__Activity__:
Would you please copy each line below that includes the string "cstrip"?

Segment Start: Source records

lemma calderon_base_add:
  assumes J: "complex_structure J" and F: "calderon_base J F" and G: "calderon_base J G"
  shows "calderon_base J (\<lambda>z. F z + G z)"
proof -
  have "bounded ((\<lambda>z. F z + G z) ` cstrip)"
    using F G unfolding calderon_base_def by (intro bounded_plus_comp) auto
  moreover have "continuous_on cstrip (\<lambda>z. F z + G z)"
    using F G unfolding calderon_base_def by (auto intro: continuous_on_add)
  moreover have "\<exists>u. has_cderiv J (\<lambda>z. F z + G z) u z" if z: "z \<in> strip" for z
  proof -
    obtain v w where "has_cderiv J F v z" "has_cderiv J G w z"
      using F G z unfolding calderon_base_def canalytic_on_def by blast
    from has_derivative_add[OF this[unfolded has_cderiv_def]] show ?thesis
      using J unfolding has_cderiv_def complex_structure_def by (auto simp: cscale_add intro!: exI[of _ "v + w"])
  qed
  ultimately show ?thesis using F G unfolding calderon_base_def canalytic_on_def by auto
qed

Segment End: Source records

__Result for this exercise__:
  have "bounded ((\<lambda>z. F z + G z) ` cstrip)"
  moreover have "continuous_on cstrip (\<lambda>z. F z + G z)"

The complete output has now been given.